Галерея анималистических персонажей казахских прозаиков широка и разнообразна и представлена дикими и домашними животными, которые выполняют различные идейно-эстетические функции в произведениях. Животные в произведениях авторов данного направления – это конкретные представители природного или аульного быта. Представители дикой природы – тигры, волки, лисы, джейраны, ласки, зайцы, хорьки, суслики – населяют бескрайние степные просторы. Домашние животные – кони, верблюды, овцы, куры, собаки являются непременной принадлежностью аульного подворья.
Казахская литература, как и любая другая национальная литература, имеет свою систему излюбленных, устойчивых образов, характеризующих ее эстетическое своеобразие. Национальную специфику казахской прозы небезынтересно проследить и через образы животных.
Издавна наиболее почитаемыми у казахов считались четыре вида скота – төрт тулк. Об особом отношении к ним свидетельствует и тот факт, что эти животные имели своих духов покровителей – кие: покровитель верблюда – Ойсыл Кара, овцы – Шопан-ата, коровы – Зенге баба, лошади – Жылкышы-ата. У казахского народа есть даже оригинальный фольклорный жанр – пастушеские песни, которые в фольклоре других народов, в частности, русского народа, не встречаются. Основными персонажами пастушеских песен являются перечисленные выше животные. Следует отметить, что корова и овца являют собой олицетворение материального достатка, символ предметного, материального мира, поэтому в качестве главных персонажей в казахской прозе они не встречаются.
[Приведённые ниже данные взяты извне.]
lemma transmission_phc_V_Suc:
  assumes wf: "phc_wf (Suc m) c t" and x: "x < 6"
  shows "transmission (phc_V (Suc m)) (phc_E c t) (m, x)
       = transmission (phc_V m) (phc_E c t) (m - 1, t m) + 6 * m * (1 + hex_dist (c m) x) + 9"
proof -
  let ?g = "gdist (phc_V m) (phc_E c t)"
  have "transmission (phc_V (Suc m)) (phc_E c t) (m, x)
      = (\<Sum>u\<in>phc_V m. ?g u (m - 1, t m) + (1 + hex_dist (c m) x)) + (\<Sum>j<6. hex_dist j x)"
    unfolding transmission_def sum_phc_V_Suc
    using gdist_to_last_hexagon[OF wf _ x] gdist_last_hexagon[OF wf _ x]
    by (intro arg_cong2[where f = "(+)"] sum.cong) auto
  also have "\<dots> = transmission (phc_V m) (phc_E c t) (m - 1, t m) + 6 * m * (1 + hex_dist (c m) x) + 9"
    by (simp only: sum.distrib transmission_def sum_hex_dist_to[OF x]) (simp add: card_phc_V)
  finally show ?thesis .
qed

lemma wiener_phc_V_Suc:
  assumes wf: "phc_wf (Suc m) c t"
  shows "wiener (phc_V (Suc m)) (phc_E c t)
       = wiener (phc_V m) (phc_E c t) + 6 * transmission (phc_V m) (phc_E c t) (m - 1, t m)
         + 90 * m + 27"
proof -
  let ?G = "gdist (phc_V (Suc m)) (phc_E c t)" and ?g = "gdist (phc_V m) (phc_E c t)"
  define T where "T = transmission (phc_V m) (phc_E c t) (m - 1, t m)"
  define cross where "cross = (\<Sum>u\<in>phc_V m. \<Sum>j<6. ?G u (m, j))"
  have "cross = (\<Sum>u\<in>phc_V m. 6 * ?g u (m - 1, t m) + 15)"
    unfolding cross_def using sum_gdist_to_last_hexagon[OF wf] by (rule sum.cong[OF refl])
  also have "\<dots> = 6 * T + 90 * m"
    by (simp add: T_def transmission_def sum.distrib sum_distrib_left card_phc_V)
  finally have cross: "cross = 6 * T + 90 * m" .
  have reverse: "(\<Sum>i<6. \<Sum>v\<in>phc_V m. ?G (m, i) v) = cross"
    unfolding cross_def by (subst sum.swap) (simp add: gdist_sym[of "phc_E c t", OF phc_E_sym])
  have old: "(\<Sum>u\<in>phc_V m. \<Sum>v\<in>phc_V m. ?G u v) = (\<Sum>u\<in>phc_V m. \<Sum>v\<in>phc_V m. ?g u v)"
    using gdist_phc_V_Suc[OF wf] by (intro sum.cong) auto
  have new: "(\<Sum>i<6. \<Sum>j<6. ?G (m, i) (m, j)) = 54"
    unfolding sum_sum_hex_dist[symmetric] using gdist_last_hexagon[OF wf] by (intro sum.cong) auto
  have "(\<Sum>u\<in>phc_V (Suc m). \<Sum>v\<in>phc_V (Suc m). ?G u v)
      = (\<Sum>u\<in>phc_V m. \<Sum>v\<in>phc_V m. ?g u v) + 2 * cross + 54"
    unfolding sum_phc_V_Suc sum.distrib reverse old new cross_def[symmetric] by simp
  then show ?thesis
    unfolding wiener_def T_def[symmetric] cross by simp
qed

theorem theorem3p1:
  fixes n :: nat and c t :: "nat \<Rightarrow> nat"
  assumes "n \<ge> 2" and "phc_valid n c t"
  shows "(wiener (phc_V n) (phc_E c t)
           = wiener (phc_V (n - 1)) (phc_E c t)
             + 6 * transmission (phc_V (n - 1)) (phc_E c t) (n - 2, t (n - 1))
             + 90 * n - 63)
       \<and> (\<forall>x. x < 6 \<and> x \<noteq> c (n - 1) \<longrightarrow>
           transmission (phc_V n) (phc_E c t) (n - 1, x)
           = transmission (phc_V (n - 1)) (phc_E c t) (n - 2, t (n - 1))
             + (if gdist (phc_V n) (phc_E c t) (n - 1, x) (n - 1, c (n - 1)) = 1
                  then 12 * (n - 1) + 9
                else if gdist (phc_V n) (phc_E c t) (n - 1, x) (n - 1, c (n - 1)) = 2
                  then 18 * (n - 1) + 9
                else 24 * (n - 1) + 9))
       \<and> wiener (phc_V 1) (phc_E c t) = 27
       \<and> (\<forall>x. x < 6 \<longrightarrow> transmission (phc_V 1) (phc_E c t) (0, x) = 9)"
proof -
  obtain m where n: "n = Suc m" and "m \<ge> 1" using assms(1) by (cases n) auto
  have wf: "phc_wf (Suc m) c t" using assms(2) n by (simp add: phc_valid_imp_phc_wf)
  have wf1: "phc_wf (Suc 0) c t" by (simp add: phc_wf_def)
  have c: "c m < 6" using wf \<open>m \<ge> 1\<close> by (simp add: phc_wf_def)
  have last: "gdist (phc_V n) (phc_E c t) (m, x) (m, c m) = hex_dist (c m) x" if "x < 6" for x
    using gdist_last_hexagon[OF wf that c] n by (simp add: hex_dist_commute)
  have empty: "wiener (phc_V 0) E = 0" "transmission (phc_V 0) E v = 0" for E v
    by (simp_all add: wiener_def transmission_def phc_V_def)
  show ?thesis
    using wiener_phc_V_Suc[OF wf] transmission_phc_V_Suc[OF wf] last hex_dist_cases[OF c]
      wiener_phc_V_Suc[OF wf1] transmission_phc_V_Suc[OF wf1] \<open>m \<ge> 1\<close>
    by (auto simp: n empty)
qed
Пристрастие казахов к тому или иному образу животного кроется в особенностях мышления казахского народа, сложившегося в результате кочевого образа жизни. Постоянная смена мест, пространственные перемещения сформировали определенные представления об окружающем мире, свою систему ценностей. Жизнь в открытом космосе, отсутствие четких границ привели к синтетическому восприятию мира как единого, большого дома людей и животных, следствием чего явилось ощущение кровного родства с животными.
Рожденное из-за постоянного движения по бескрайней степи ощущение открытости является доминирующей чертой мироощущения степного жителя. Мир воспринимается не статично, а динамично. Поэтому в системе ценностей казахского народа преобладают не материальные, а духовные ценности, среди которых способность к быстрому передвижению, покорению пространств является основополагающей. Более всех это качество присуще тулпару – крылатому скакуну. В иерархии животных ему принадлежит первенство. Конь занимает центральное место не только в казахской, но и в центрально-азиатской литературе в целом. Как утверждает известный исследователь Гачев Г., «кочевнику словно врождено ощущать и мыслить мир конем и о себе через коня рассуждать» [15, 64].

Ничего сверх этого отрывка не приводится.